Paula Stepp called on council to address these concerns in their proper order. It can’t be remotely responsible to approve a dense development of 600 to 1,000 additional residents before the acknowledged deficiencies which endanger the current population are remedied.

R2 has indeed made concessions – but only after their cavalier attitude toward the people and land was exposed by the neighbors’ critiques. Grudgingly, as afterthoughts, they reduced the number of units, scrapped the water-wasting landscaping, offered money toward a safety study, ceded some land for a fire station. But as Stepp stressed, the obvious question is, what has to happen first? Planning, acceptance, securing the funding, building the components won’t happen overnight, if at all. Certainly not before the development, if approved, would be a reality.
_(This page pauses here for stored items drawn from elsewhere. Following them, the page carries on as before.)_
text \<open>Conditional mutual information I(X;Y|Z), defined in full generality as the supremum,
  over finite measurable partitions of the ranges of X and Y, of the conditional mutual
  information of the quantised variables given Z (Dobrushin/Pinsker/Gray definition).\<close>
definition cmi :: "'a measure \<Rightarrow> 'b measure \<Rightarrow> 'c measure \<Rightarrow> 'd measure \<Rightarrow>
    ('a \<Rightarrow> 'b) \<Rightarrow> ('a \<Rightarrow> 'c) \<Rightarrow> ('a \<Rightarrow> 'd) \<Rightarrow> ennreal" where
  "cmi M MX MY MZ X Y Z =
     (SUP PQ \<in> {(P, Q). finite_meas_partition MX P \<and> finite_meas_partition MY Q}.
        \<integral>\<^sup>+ \<omega>. ennreal (\<Sum>A\<in>fst PQ. \<Sum>B\<in>snd PQ.
            kl_term (cond_prob M MZ Z {x \<in> space M. X x \<in> A \<and> Y x \<in> B} \<omega>)
                    (cond_prob M MZ Z {x \<in> space M. X x \<in> A} \<omega>)
                    (cond_prob M MZ Z {x \<in> space M. Y x \<in> B} \<omega>)) \<partial>M)"

definition rademacher :: "int measure" where
  "rademacher = measure_pmf (pmf_of_set {-1, 1})"

definition train :: "nat set \<Rightarrow> (nat \<Rightarrow> 'z) \<Rightarrow> (nat \<Rightarrow> 'z) \<Rightarrow> (nat \<Rightarrow> int) \<Rightarrow> nat \<Rightarrow> 'z" where
  "train I zm zp r = (\<lambda>j\<in>I. if r j = 1 then zp j else zm j)"

text \<open>Joint law of (Z^-_{[n]}, Z^+_{[n]}, R_{[n]}, W): the 2n samples are iid xi, the R_j are iid
  uniform on {-1,1} independent of the samples, and W is drawn from the kernel K applied to the
  training vector.\<close>
definition supersample_law ::
    "'z measure \<Rightarrow> 'w measure \<Rightarrow> ((nat \<Rightarrow> 'z) \<Rightarrow> 'w measure) \<Rightarrow> nat \<Rightarrow>
     ((nat \<Rightarrow> 'z) \<times> (nat \<Rightarrow> 'z) \<times> (nat \<Rightarrow> int) \<times> 'w) measure" where
  "supersample_law \<xi> MW K n =
     bind (PiM {1..n} (\<lambda>_. \<xi>) \<Otimes>\<^sub>M (PiM {1..n} (\<lambda>_. \<xi>) \<Otimes>\<^sub>M PiM {1..n} (\<lambda>_. rademacher)))
       (\<lambda>(zm, zp, r). distr (K (train {1..n} zm zp r))
          (PiM {1..n} (\<lambda>_. \<xi>) \<Otimes>\<^sub>M (PiM {1..n} (\<lambda>_. \<xi>) \<Otimes>\<^sub>M (PiM {1..n} (\<lambda>_. rademacher) \<Otimes>\<^sub>M MW)))
          (\<lambda>w. (zm, zp, r, w)))"

end

theory Submission
  imports Defs
begin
We do need housing. But this style of development is neither the only, nor the best, response. Upgrading the Mall to include housing in a second story, affordable to its own workforce, wouldn’t add to the existing footprint. Changing outdated zoning and building ordinances could result in more and diverse housing opportunities, allowing single-family home owners to add ADUs as appropriate, without the density and uniformity of the proposed PUD.

Council must deny this proposal. R2 will then have the six months required before re-submitting to consider the needs of the community.